Et, se laissant tomber à genoux, elle se mit à prier...

– Ne pourrait-on pas, murmura Fiora, l’empêcher de revivre toute cette souffrance ?

Démétrios posa ses mains sur celles de la jeune femme en appuyant doucement...

– A présent, dit-il, l’enfant est né... vous êtes délivrée. Instantanément,  Marguerite  s’apaisa.  Un  sourire émerveillé illumina son visage. On put la voir tendre ses mains vers un bébé imaginaire, le prendre contre sa poitrine, le bercer doucement, l’embrasser. Ce bonheur serein, étendu sur ce petit visage émacié, avait quelque chose de poignant... Mais, soudain, ce fut le drame. Épouvantés, les spectateurs virent Marguerite serrer ses bras contre sa poitrine avec une expression terrifiée et farouche tout à la fois, comme si une affreuse menace s’abattait sur elle. On la vit lutter de son mieux mais elle était sans doute vaincue d’avance. Et tout à coup, elle cria d’une voix enrouée, comme rouillée :

– Mon fils ! Rendez-moi mon fils ! ... Vous ne pouvez pas le prendre ! C’est mon enfant... ayez pitié !

Elle ouvrait la bouche pour pousser un cri qui aurait dû être inhumain, mais déjà Démétrios avait imposé ses mains sur la tête de la malheureuse et ordonnait :

– Ne criez pas, Marguerite ! Tout est fini... Ne pensez plus à cet instant où vous avez atteint le sommet de la souffrance humaine. Vous n’avez pas eu ce cri... Vous pouvez encore parler... N’est-ce pas que vous pouvez encore parler ?

Encore haletante et couverte de sueur, la jeune femme ressemblait à une naufragée qui vient d’atteindre une plage après une lutte épuisante. Fiora voulut la prendre dans ses bras mais, d’un geste, Démétrios la cloua sur place...

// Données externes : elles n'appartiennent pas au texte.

lemma continuous_on_step:
  assumes "straightens \<phi> n"
  shows "continuous_on (UNIV \<times> {c<..}) (\<lambda>z. step n \<phi> (\<phi> (fst z) (snd z)) (snd z))"
proof (cases "n \<in> range rank")
  case True
  show ?thesis
    unfolding step_eq_pl_map[OF True]
  proof (rule continuous_on_pl_map)
    show "continuous_on (UNIV \<times> {c<..}) (\<lambda>z. window_left n \<phi> (snd z))"
      "continuous_on (UNIV \<times> {c<..}) (\<lambda>z. window_right n \<phi> (snd z))"
      "continuous_on (UNIV \<times> {c<..}) (\<lambda>z. edge \<alpha> n \<phi> (snd z))"
      "continuous_on (UNIV \<times> {c<..}) (\<lambda>z. edge \<beta> n \<phi> (snd z))"
      by (intro continuous_on_comp_snd continuous_on_window_left continuous_on_window_right
          continuous_on_edge assms continuous_\<alpha> continuous_\<beta>)+
    show "continuous_on (UNIV \<times> {c<..}) (\<lambda>z. \<phi> (fst z) (snd z))"
      by (rule straightens_continuous[OF assms])
  next
    fix z :: "real \<times> real"
    assume "z \<in> UNIV \<times> {c<..}"
    then show "window_left n \<phi> (snd z) < edge \<alpha> n \<phi> (snd z)
        \<and> edge \<alpha> n \<phi> (snd z) < edge \<beta> n \<phi> (snd z) \<and> edge \<beta> n \<phi> (snd z) < window_right n \<phi> (snd z)"
      using window_order[OF assms True] by auto
  qed (rule continuous_on_const)+
qed (simp add: step_def straightens_continuous[OF assms])

lemma step_straightens_edges:
  assumes "straightens \<phi> n" "n \<in> range rank" "y \<in> {c<..top_level n}"
  shows "step n \<phi> (\<phi> (\<alpha> (trapezoid_of_rank n) y) y) y = edge \<alpha> n \<phi> (top_level n)"
    and "step n \<phi> (\<phi> (\<beta> (trapezoid_of_rank n) y) y) y = edge \<beta> n \<phi> (top_level n)"
  using window_order[OF assms(1,2)] assms(3)
  by (simp_all add: step_eq_pl_map[OF assms(2)] edge_below_top[symmetric]
      pl_map_at_left pl_map_at_right)

lemma straightens_Suc:
  assumes "straightens \<phi> n"
  shows "straightens (\<lambda>x y. step n \<phi> (\<phi> x y) y) (Suc n)"
proof -
  have "strict_mono (\<lambda>x. step n \<phi> (\<phi> x y) y)" if "c < y" for y
    using strict_mono_step[OF assms that] straightens_strict_mono[OF assms that]
    by (simp add: strict_mono_def)
  moreover have "surj (\<lambda>x. step n \<phi> (\<phi> x y) y)" if "c < y" for y
    using comp_surj[OF straightens_surj[OF assms that] surj_step[OF assms that]]
    by (simp add: comp_def)
  moreover have "step n \<phi> (\<phi> (\<alpha> k y) y) y = step n \<phi> (\<phi> (\<alpha> k (dd k)) (dd k)) (dd k)
      \<and> step n \<phi> (\<phi> (\<beta> k y) y) y = step n \<phi> (\<phi> (\<beta> k (dd k)) (dd k)) (dd k)"
    if "rank k < Suc n" "y \<in> {c<..dd k}" for k y
  proof (cases "rank k = n")
    case True
    then have k: "k = trapezoid_of_rank n" and n: "n \<in> range rank"
      using inj_rank by (auto simp: trapezoid_of_rank_def)
    then have "y \<in> {c<..top_level n}" "dd k \<in> {c<..top_level n}"
      using that(2) c_less_dd[of k] by (auto simp: top_level_def)
    then show ?thesis
      using step_straightens_edges[OF assms n] k by simp
  next
    case False
    let ?a = "\<phi> (\<alpha> k (dd k)) (dd k)" and ?b = "\<phi> (\<beta> k (dd k)) (dd k)"
    have "rank k < n"
      using that(1) False by simp
    then have "\<phi> (\<alpha> k y) y = ?a" "\<phi> (\<beta> k y) y = ?b"
      using straightens_edges[OF assms _ that(2)] by auto
    moreover have "step n \<phi> v w = v" if "v \<in> {?a, ?b}" "c < w" for v w
      using step_fixes_frozen[OF assms \<open>rank k < n\<close> that(2,1)] .
    ultimately show ?thesis
      using that(2) c_less_dd[of k] by simp
  qed
  ultimately show ?thesis
    unfolding straightens_def using continuous_on_step[OF assms] by blast
qed

lemma straightens_straighten: "straightens (straighten n) n"
  by (induction n) (simp_all add: straightens_0 straightens_Suc)

text \<open>Only trapezoids reaching above level \<open>y\<close> are moved at level \<open>y\<close>, so from stage
  \<open>stage y\<close> on the level \<open>y\<close> no longer changes.\<close>

definition stage :: "real \<Rightarrow> nat" where
  "stage y = Suc (Max (insert 0 (rank ` {i. y < dd i})))"

lemma finite_bases_strictly_above: "c < y \<Longrightarrow> finite {i. y < dd i}"
  using finite_bases_above by (rule finite_subset[rotated]) auto

lemma rank_less_stage: "c < y \<Longrightarrow> y < dd i \<Longrightarrow> rank i < stage y"
  using finite_bases_strictly_above by (simp add: stage_def le_imp_less_Suc Max_ge)

lemma stage_antimono:
  assumes "c < y'" "y' \<le> y"
  shows "stage y \<le> stage y'"
proof -
  have "Max (insert 0 (rank ` {i. y < dd i})) \<le> Max (insert 0 (rank ` {i. y' < dd i}))"
    using finite_bases_strictly_above[OF assms(1)] assms(2) by (intro Max_mono) auto
  then show ?thesis
    by (simp add: stage_def)
qed

lemma straighten_stable:
  assumes "c < y" "stage y \<le> N"
  shows "straighten N x y = straighten (stage y) x y"
  using assms(2)
proof (induction N rule: dec_induct)
  case (step n)
  have "step n (straighten n) (straighten n x y) y = straighten n x y"
  proof (cases "n \<in> range rank")
    case True
    then have "\<not> y < top_level n"
      using rank_less_stage[OF assms(1), of "trapezoid_of_rank n"] step.hyps
      by (auto simp: rank_trapezoid_of_rank top_level_def)
    then show ?thesis
      by (simp add: step_above_top)
  qed (simp add: step_def)
  then show ?case
    using step.IH by simp
qed simp
text \<open>Plots of the functional diffeology on Aut T: (u,x) |-> P u x is smooth U x T -> T,
  i.e. composed with every plot (F, Q) of the product diffeology (F smooth into U,
  Q a wire plot) it yields a wire plot.\<close>

definition aut_plot :: "'a set \<Rightarrow> nat \<Rightarrow> (nat \<Rightarrow> real) set
                        \<Rightarrow> ((nat \<Rightarrow> real) \<Rightarrow> ('a list \<times> real \<Rightarrow> 'a list \<times> real)) \<Rightarrow> bool" where
  "aut_plot A k U P \<longleftrightarrow> openin (Rn_top k) U \<and> P ` U \<subseteq> AutT A \<and>
     (\<forall>m W F Q. openin (Rn_top m) W \<and> smooth_map m W k U F \<and> wire_plot A m W Q
        \<longrightarrow> wire_plot A m W (\<lambda>w. P (F w) (Q w)))"

end

theory Submission
  imports Defs
begin

text \<open>For a plot \<open>P\<close> of the functional diffeology and a vertex \<open>v\<close>, evaluating \<open>P\<close> on the
  constant plot at \<open>v\<close> shows that \<open>u \<mapsto> P u v\<close> is a wire plot, hence continuous into the CW
  topology. Its values are vertices, and the open star of a vertex \<open>w\<close> contains no vertex
  other than \<open>w\<close>; so \<open>u \<mapsto> P u v\<close> has open level sets and is constant on connected open
  subsets of \<open>U\<close>. Every point of \<open>U\<close> has such a neighbourhood (a box), and an automorphism is
  determined by its action on vertices, so \<open>P\<close> is locally constant. Conversely, near each point a
  locally constant \<open>P\<close> is a single automorphism, which maps embedded wires to embedded wires and
  hence wire plots to wire plots.\<close>

lemma is_diffeologyI:
  assumes "\<And>n U P. D n U P \<Longrightarrow> openin (Rn_top n) U \<and> P ` U \<subseteq> X"
    and "\<And>n U P Q. D n U P \<Longrightarrow> (\<And>u. u \<in> U \<Longrightarrow> Q u = P u) \<Longrightarrow> D n U Q"
    and "\<And>n U x. openin (Rn_top n) U \<Longrightarrow> x \<in> X \<Longrightarrow> D n U (\<lambda>_. x)"
    and "\<And>n U P m V F. D n U P \<Longrightarrow> openin (Rn_top m) V \<Longrightarrow> smooth_map m V n U F
      \<Longrightarrow> D m V (P \<circ> F)"
    and "\<And>n U P. openin (Rn_top n) U \<Longrightarrow> P ` U \<subseteq> X
      \<Longrightarrow> (\<And>u. u \<in> U \<Longrightarrow> \<exists>V. openin (Rn_top n) V \<and> u \<in> V \<and> V \<subseteq> U \<and> D n V P)
      \<Longrightarrow> D n U P"
  shows "is_diffeology X D"
  unfolding is_diffeology_def using assms by (intro conjI allI impI; (elim conjE)?) metis+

– Répondez-moi, Marguerite ! Pouvez-vous parler, Dites : Je le peux...

– Je... le peux...

La voix était faible, rocailleuse, mais cependant nette.

– C’est bien, dit Démétrios. A présent, reposez-vous ! Vous avez fourni un effort terrible mais le mal est vaincu... Dans un instant je vais vous réveiller. Vous ne vous souviendrez plus d’avoir revécu ce martyre et vous pourrez maintenant parler tout à votre aise à ceux qui vous entourent et qui vous aiment. Vous m’avez entendu ?

– Oui... j’ai entendu.

– Alors, je vais donc vous rappeler parmi nous. Vous vous éveillerez quand je prononcerai votre nom. Attention ! Marguerite, ouvrez les yeux !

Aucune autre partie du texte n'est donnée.